I bought hundreds of blue narcissus bulbs once

and planted them in a design of a ribbon

in the ground
which was found
in the middle of the ruins
where the Lord of the Manor
remained
after the rest of us
had left

https://www.goodfon.com/flowers/wallpaper-vesna-2018-meduzanol-c-kustik-sinie-nartsiss.html

I never knew if they grew.
This memory did not unearth itself from my brain
until the typing of the words tonight
that I finished planting the bulbs

I had said today
I want to put something else in the ground
I feel like there should be daffodils
yellow
bright

Something other than only the blue , grape hyacinth which I had bought and filled my front garden plot with.

It felt funny to have only that one flower. Yet I had bought a bag full of these bulbs, 60 of them
and my plot next to my walk is small.

I am on a limited budget and thought
"I don't want to spend any more money"

and then thought
Maybe it will be really beautiful,
the concentration of the blue flowers coming up en mass!

I also thought, maybe some of the existing bulbs still in the ground will also have daffodils emerge from them again this year, with dainty pink soft edges on the blushing pale whitish petals
which I planted a couple years ago.

Part of me now thinks
How wonderful , that even if the daffodils don't emerge
The swath of blue flowers

will be joyful
and celebratory

and not in a shape of a ribbon reminding of violence.

But simply there because I thought them pretty and was excited thinking
"I love hyacinths
They are one of my favorite early spring flowers so I want alot of them this year!"

It was a distant memory
so distant I almost wondered if it could have been a dream
But no..
then I remembered the walking through the threshold of the stone doorway
through the corridor to the courtyard, surrounded by the stone walls and windowless framed out arches where the light came in.

I even moved an apple tree into that space.

I built a secret garden out of what looked like ruins.
An unfinished space.

I never did ask my kids if any of the flowers bloomed. I remember planting hundreds of bulbs there.

It was this defiance that I was determined to create something of beauty in that space

I did not want the last actions to be of ugliness in my memory of time there.

The child who went off to college is the one I remember helped me with the planting on one occasion. Simply as she was the one who was awake.
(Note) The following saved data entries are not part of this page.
lemma f_max_faces:
  obtains X where "f (max_face c T) = X \<times> {s}" "f (max_face c B) = X \<times> {t}"
proof -
  obtain a b where "a \<in> T" "b \<in> B"
    using T_ne B_ne by blast
  then obtain z where z: "\<And>x. x \<in> T \<Longrightarrow> z \<bullet> x = z \<bullet> a" "\<And>x. x \<in> B \<Longrightarrow> z \<bullet> x = z \<bullet> b"
    "z \<bullet> b < z \<bullet> a"
    using parallel_sets_in_parallel_hyperplanes lin_T_B B_not_subset_affine_hull_T by metis
  then have "z \<bullet> a \<noteq> z \<bullet> b"
    by simp
  then obtain w M where wM: "\<And>x. x \<in> T \<union> B \<Longrightarrow> w \<bullet> x \<le> M"
    "{x \<in> T. w \<bullet> x = M} = max_face c T" "{x \<in> B. w \<bullet> x = M} = max_face c B"
    using tilted_supporting_hyperplane[OF compact_T T_ne compact_B B_ne z(1,2)] by blast
  define \<Phi> where "\<Phi> = P \<inter> {x. w \<bullet> x = M}"
  have "convex hull (T \<union> B) \<subseteq> {x. w \<bullet> x \<le> M}"
    using wM(1) by (intro hull_minimal) (auto simp: convex_halfspace_le)
  then have \<Phi>: "\<Phi> face_of P"
    unfolding \<Phi>_def using P_eq_hull_T_B by (intro face_of_Int_supporting_hyperplane_le convex_P) auto
  obtain X I where X: "X face_of Q" "f \<Phi> = X \<times> I"
    using face_of_f[OF \<Phi>] face_of_Times_decomp by blast
  have "\<Phi> \<inter> T = max_face c T" "\<Phi> \<inter> B = max_face c B"
    using wM(2,3) face_of_imp_subset[OF T] face_of_imp_subset[OF B] by (auto simp: \<Phi>_def)
  moreover have "max_face c T \<noteq> {}" "max_face c B \<noteq> {}"
    using max_face_level[OF compact_T T_ne] max_face_level[OF compact_B B_ne] by metis+
  ultimately show ?thesis
    using that f_Int_slice[OF \<Phi> T f_T _ X(2) face_of_imp_subset[OF X(1)]]
      f_Int_slice[OF \<Phi> B f_B _ X(2) face_of_imp_subset[OF X(1)]] by simp
qed

lemma corresponding_face_of_B:
  assumes "F face_of T" "F \<noteq> {}"
  obtains X F' where "f F = X \<times> {s}" "F' face_of B" "F' \<noteq> {}" "f F' = X \<times> {t}"
proof -
  have FP: "F face_of P"
    using face_of_trans[OF assms(1) T] .
  obtain X I where X: "X face_of Q" "f F = X \<times> I"
    using face_of_f[OF FP] face_of_Times_decomp by blast
  have "F \<inter> T = F"
    using face_of_imp_subset[OF assms(1)] by blast
  then have f_F: "f F = X \<times> {s}"
    using f_Int_slice[OF FP T f_T _ X(2) face_of_imp_subset[OF X(1)]] assms(2) by simp
  then have "X \<noteq> {}"
    using f_eq_empty_iff[OF FP] assms(2) by simp
  have "{t} face_of {0..1}"
    using endpoints by (intro endpoint_face_of_unit_interval) auto
  then have "X \<times> {t} face_of Q \<times> {0..1}"
    using X(1) by (simp add: face_of_Times_eq)
  then obtain F' where F': "F' face_of P" "f F' = X \<times> {t}"
    by (rule f_preimageE)
  have "F' \<subseteq> B"
    using f_subset_iff[OF F'(1) B] F'(2) f_B face_of_imp_subset[OF X(1)] by auto
  then have "F' face_of B"
    using face_of_subset[OF F'(1) _ face_of_imp_subset[OF B]] by blast
  moreover have "F' \<noteq> {}"
    using f_eq_empty_iff[OF F'(1)] F'(2) \<open>X \<noteq> {}\<close> by simp
  ultimately show ?thesis
    using that f_F F'(2) by blast
qed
I suppose this memory is one that reminds me that she did not always stay asleep after the others had entered dreamland.
She was the one who work in early morning and started to bake a cake, climbing on the kitchen counter from a chair and pulling out the flour and sugar.

At age 3.

She was precocious and excited about life and smart and exploratory.

And she was my helper who found it fun to have built our own secret garden.

This late Fall, I put in the grape hyacinth and also a half dozen large Giant Hyacinth surrounding the crab apple tree that sits , crooked, propped up by two stakes I fought with, pounding into the ground and twine that I yanked and pulled and tried to best tighten to support the tree, propped up by gravel in the front to try to weigh it down and prevent further toppling after it had been uprighted again.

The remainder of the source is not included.